▶ **TASK INPUTS**
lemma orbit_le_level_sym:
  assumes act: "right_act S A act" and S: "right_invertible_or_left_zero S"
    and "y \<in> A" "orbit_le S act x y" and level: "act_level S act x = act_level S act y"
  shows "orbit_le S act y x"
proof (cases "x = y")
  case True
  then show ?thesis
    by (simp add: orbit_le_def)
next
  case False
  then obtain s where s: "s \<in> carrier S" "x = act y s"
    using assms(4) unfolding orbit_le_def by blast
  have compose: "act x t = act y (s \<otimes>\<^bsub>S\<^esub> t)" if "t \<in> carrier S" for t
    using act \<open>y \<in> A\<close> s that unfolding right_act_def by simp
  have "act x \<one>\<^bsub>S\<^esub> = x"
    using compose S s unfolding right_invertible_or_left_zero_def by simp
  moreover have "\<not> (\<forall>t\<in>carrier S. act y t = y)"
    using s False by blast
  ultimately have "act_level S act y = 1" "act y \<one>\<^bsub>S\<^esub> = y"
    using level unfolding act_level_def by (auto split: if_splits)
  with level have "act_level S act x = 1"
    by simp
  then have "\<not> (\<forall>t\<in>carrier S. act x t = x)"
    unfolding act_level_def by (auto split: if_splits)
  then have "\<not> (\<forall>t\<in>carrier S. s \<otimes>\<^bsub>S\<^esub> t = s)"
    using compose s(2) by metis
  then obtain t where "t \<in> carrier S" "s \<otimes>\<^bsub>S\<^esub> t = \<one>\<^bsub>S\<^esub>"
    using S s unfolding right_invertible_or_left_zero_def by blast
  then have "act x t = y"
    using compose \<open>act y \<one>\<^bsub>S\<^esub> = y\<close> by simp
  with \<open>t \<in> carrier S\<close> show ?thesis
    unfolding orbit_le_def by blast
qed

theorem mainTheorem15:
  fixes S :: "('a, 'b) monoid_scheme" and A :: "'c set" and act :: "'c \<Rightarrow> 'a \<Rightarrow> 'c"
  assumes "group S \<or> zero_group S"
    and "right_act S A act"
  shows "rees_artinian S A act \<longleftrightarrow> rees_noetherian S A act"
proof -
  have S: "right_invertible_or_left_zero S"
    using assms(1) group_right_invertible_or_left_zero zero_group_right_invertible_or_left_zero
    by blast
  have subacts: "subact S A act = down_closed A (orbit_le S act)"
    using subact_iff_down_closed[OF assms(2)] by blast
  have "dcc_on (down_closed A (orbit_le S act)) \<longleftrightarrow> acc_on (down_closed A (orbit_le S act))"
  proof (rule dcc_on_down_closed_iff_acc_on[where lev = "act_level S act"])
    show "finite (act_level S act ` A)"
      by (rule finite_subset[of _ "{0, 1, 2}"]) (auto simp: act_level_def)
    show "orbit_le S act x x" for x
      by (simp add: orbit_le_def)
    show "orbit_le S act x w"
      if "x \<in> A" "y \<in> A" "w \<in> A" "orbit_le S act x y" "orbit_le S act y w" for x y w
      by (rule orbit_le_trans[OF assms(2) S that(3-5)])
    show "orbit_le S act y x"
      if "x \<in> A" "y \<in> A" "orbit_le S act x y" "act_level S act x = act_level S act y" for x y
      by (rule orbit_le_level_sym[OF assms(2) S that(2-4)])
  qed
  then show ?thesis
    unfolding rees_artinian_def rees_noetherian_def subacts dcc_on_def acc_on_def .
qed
--
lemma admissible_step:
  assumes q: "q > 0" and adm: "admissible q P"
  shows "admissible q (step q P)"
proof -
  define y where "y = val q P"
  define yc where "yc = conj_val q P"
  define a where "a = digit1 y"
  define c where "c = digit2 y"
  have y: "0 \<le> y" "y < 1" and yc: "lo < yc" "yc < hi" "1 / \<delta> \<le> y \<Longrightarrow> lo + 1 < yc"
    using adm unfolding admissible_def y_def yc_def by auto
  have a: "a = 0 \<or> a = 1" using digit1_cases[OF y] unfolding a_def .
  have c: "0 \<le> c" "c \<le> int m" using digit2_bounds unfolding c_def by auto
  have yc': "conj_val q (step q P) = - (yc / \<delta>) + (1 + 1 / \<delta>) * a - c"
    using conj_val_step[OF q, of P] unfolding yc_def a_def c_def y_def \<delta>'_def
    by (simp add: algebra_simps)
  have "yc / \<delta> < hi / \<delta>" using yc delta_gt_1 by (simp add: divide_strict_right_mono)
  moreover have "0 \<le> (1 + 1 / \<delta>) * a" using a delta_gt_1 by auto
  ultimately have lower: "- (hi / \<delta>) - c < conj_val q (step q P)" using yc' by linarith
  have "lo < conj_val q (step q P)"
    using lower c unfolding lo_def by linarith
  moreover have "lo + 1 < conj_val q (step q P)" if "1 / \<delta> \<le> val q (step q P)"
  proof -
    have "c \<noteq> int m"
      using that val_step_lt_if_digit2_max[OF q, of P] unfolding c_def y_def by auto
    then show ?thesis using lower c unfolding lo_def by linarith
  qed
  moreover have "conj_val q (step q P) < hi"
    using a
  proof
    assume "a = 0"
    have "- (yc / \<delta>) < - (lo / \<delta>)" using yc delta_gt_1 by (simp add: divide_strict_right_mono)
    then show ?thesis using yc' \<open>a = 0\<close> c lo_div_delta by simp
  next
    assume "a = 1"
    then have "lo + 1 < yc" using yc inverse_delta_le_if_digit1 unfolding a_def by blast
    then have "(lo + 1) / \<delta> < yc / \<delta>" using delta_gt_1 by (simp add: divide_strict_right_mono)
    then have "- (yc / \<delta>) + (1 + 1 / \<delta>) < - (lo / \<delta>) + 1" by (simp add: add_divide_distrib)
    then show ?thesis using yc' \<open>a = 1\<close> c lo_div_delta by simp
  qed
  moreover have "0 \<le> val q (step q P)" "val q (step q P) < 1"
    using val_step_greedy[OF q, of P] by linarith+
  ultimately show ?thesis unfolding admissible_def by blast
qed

▶ **BRIEF**
Please return only the lines above, starting at the line that has "y (s \<otimes>\<^bsub>S\<^esub>" and ending at the line that has "act = down_closed", keeping both and leaving each one unchanged.

▶ **ANSWER FOR THE TASK**
  have compose: "act x t = act y (s \<otimes>\<^bsub>S\<^esub> t)" if "t \<in> carrier S" for t
    using act \<open>y \<in> A\<close> s that unfolding right_act_def by simp
  have "act x \<one>\<^bsub>S\<^esub> = x"
    using compose S s unfolding right_invertible_or_left_zero_def by simp
  moreover have "\<not> (\<forall>t\<in>carrier S. act y t = y)"
    using s False by blast
  ultimately have "act_level S act y = 1" "act y \<one>\<^bsub>S\<^esub> = y"
    using level unfolding act_level_def by (auto split: if_splits)
  with level have "act_level S act x = 1"
    by simp
  then have "\<not> (\<forall>t\<in>carrier S. act x t = x)"
    unfolding act_level_def by (auto split: if_splits)
  then have "\<not> (\<forall>t\<in>carrier S. s \<otimes>\<^bsub>S\<^esub> t = s)"
    using compose s(2) by metis
  then obtain t where "t \<in> carrier S" "s \<otimes>\<^bsub>S\<^esub> t = \<one>\<^bsub>S\<^esub>"
    using S s unfolding right_invertible_or_left_zero_def by blast
  then have "act x t = y"
    using compose \<open>act y \<one>\<^bsub>S\<^esub> = y\<close> by simp
  with \<open>t \<in> carrier S\<close> show ?thesis
    unfolding orbit_le_def by blast
qed

theorem mainTheorem15:
  fixes S :: "('a, 'b) monoid_scheme" and A :: "'c set" and act :: "'c \<Rightarrow> 'a \<Rightarrow> 'c"
  assumes "group S \<or> zero_group S"
    and "right_act S A act"
  shows "rees_artinian S A act \<longleftrightarrow> rees_noetherian S A act"
proof -
  have S: "right_invertible_or_left_zero S"
    using assms(1) group_right_invertible_or_left_zero zero_group_right_invertible_or_left_zero
    by blast
  have subacts: "subact S A act = down_closed A (orbit_le S act)"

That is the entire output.